§ EXERCISE INSTRUCTIONS
Your answer is the lines below, exactly, from the one that contains "(c *\<^sub>R x)" through the one that contains "unfolding norm_vec_def L2_set_def by simp", both included.

(DATA TO EXAMINE Opens)

(*
  Comparing J at the minimiser with J at zero gives beta * sum_r |v_r|_1 <= |y|^2, and the
  RIP bounds |y| by B = |Xh| + |eta| + sqrt delta.  Together with |v_r|_2 >= B^2 / gamma this
  makes every v_r nonzero and effectively (gamma/beta)^2-sparse, and minimality forces u_r ~= 0.
  Comparing instead with the factorisation of Xh in which every rank-one term a b^T is
  rescaled to (t a) (b/t)^T with the optimal t (the minimum over t of P t^2 + Q/t is
  C21 (P Q^2)^(1/3)) bounds the residual |y - A X| by |eta| plus the square root of the
  penalty, which the hypothesis on cU turns into the Schatten-2/3 term.  Finally Xh - X is a
  sum of 2R effectively sparse rank-one terms, so the RIP transfers the bound on |A (Xh - X)|
  to |Xh - X| at the cost of sqrt delta.
*)

lemma l1norm_nonneg: "0 \<le> l1norm x"
  unfolding l1norm_def by (simp add: sum_nonneg)

lemma l1norm_zero [simp]: "l1norm 0 = 0"
  unfolding l1norm_def by simp

lemma l1norm_scaleR: "l1norm (c *\<^sub>R x) = \<bar>c\<bar> * l1norm x"
  unfolding l1norm_def by (simp add: abs_mult sum_distrib_left)

lemma l1norm_pos: "x \<noteq> 0 \<Longrightarrow> 0 < l1norm x"
proof -
  assume "x \<noteq> 0"
  then obtain i where i: "x $ i \<noteq> 0" by (metis vec_eq_iff zero_index)
  have "\<bar>x $ i\<bar> \<le> l1norm x"
    unfolding l1norm_def by (rule member_le_sum) auto
  with i show ?thesis by linarith
qed

lemma norm_le_l1norm: "norm x \<le> l1norm x"
  unfolding norm_vec_def l1norm_def real_norm_def
  using L2_set_le_sum_abs[of "\<lambda>i. \<bar>x $ i\<bar>" UNIV] by simp

lemma l1norm_le_sqrt_card: "l1norm (x::real^'n) \<le> sqrt (real CARD('n)) * norm x"
proof -
  have "l1norm x \<le> L2_set (\<lambda>i. x $ i) UNIV * L2_set (\<lambda>i::'n. 1::real) UNIV"
    using L2_set_mult_ineq[of "\<lambda>i. x $ i" "\<lambda>i::'n. 1" UNIV] unfolding l1norm_def by simp
  also have "L2_set (\<lambda>i. 1) (UNIV::'n set) = sqrt (real CARD('n))"
    by (simp add: L2_set_constant)
  also have "L2_set (\<lambda>i. x $ i) UNIV = norm x"
    unfolding norm_vec_def L2_set_def by simp
  finally show ?thesis by (simp add: mult.commute)
qed

lemma effectively_sparse_mono:
  assumes "l1norm x \<le> sqrt s * norm x" "s \<le> s'"
  shows "l1norm x \<le> sqrt s' * norm x"
  using assms(1) mult_right_mono[OF real_sqrt_le_mono[OF assms(2)] norm_ge_zero[of x]] by linarith

lemma one_le_if_effectively_sparse:
  assumes "x \<noteq> 0" and "l1norm x \<le> sqrt s * norm x"
  shows "1 \<le> s"
proof -
  have "norm x \<le> sqrt s * norm x"
    using norm_le_l1norm assms(2) by (rule order_trans)
  with assms(1) have "1 \<le> sqrt s" by simp
  then show ?thesis by simp
qed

(DATA TO EXAMINE Closes)

§ FINAL ANSWER
lemma l1norm_scaleR: "l1norm (c *\<^sub>R x) = \<bar>c\<bar> * l1norm x"
  unfolding l1norm_def by (simp add: abs_mult sum_distrib_left)

lemma l1norm_pos: "x \<noteq> 0 \<Longrightarrow> 0 < l1norm x"
proof -
  assume "x \<noteq> 0"
  then obtain i where i: "x $ i \<noteq> 0" by (metis vec_eq_iff zero_index)
  have "\<bar>x $ i\<bar> \<le> l1norm x"
    unfolding l1norm_def by (rule member_le_sum) auto
  with i show ?thesis by linarith
qed

lemma norm_le_l1norm: "norm x \<le> l1norm x"
  unfolding norm_vec_def l1norm_def real_norm_def
  using L2_set_le_sum_abs[of "\<lambda>i. \<bar>x $ i\<bar>" UNIV] by simp

lemma l1norm_le_sqrt_card: "l1norm (x::real^'n) \<le> sqrt (real CARD('n)) * norm x"
proof -
  have "l1norm x \<le> L2_set (\<lambda>i. x $ i) UNIV * L2_set (\<lambda>i::'n. 1::real) UNIV"
    using L2_set_mult_ineq[of "\<lambda>i. x $ i" "\<lambda>i::'n. 1" UNIV] unfolding l1norm_def by simp
  also have "L2_set (\<lambda>i. 1) (UNIV::'n set) = sqrt (real CARD('n))"
    by (simp add: L2_set_constant)
  also have "L2_set (\<lambda>i. x $ i) UNIV = norm x"
    unfolding norm_vec_def L2_set_def by simp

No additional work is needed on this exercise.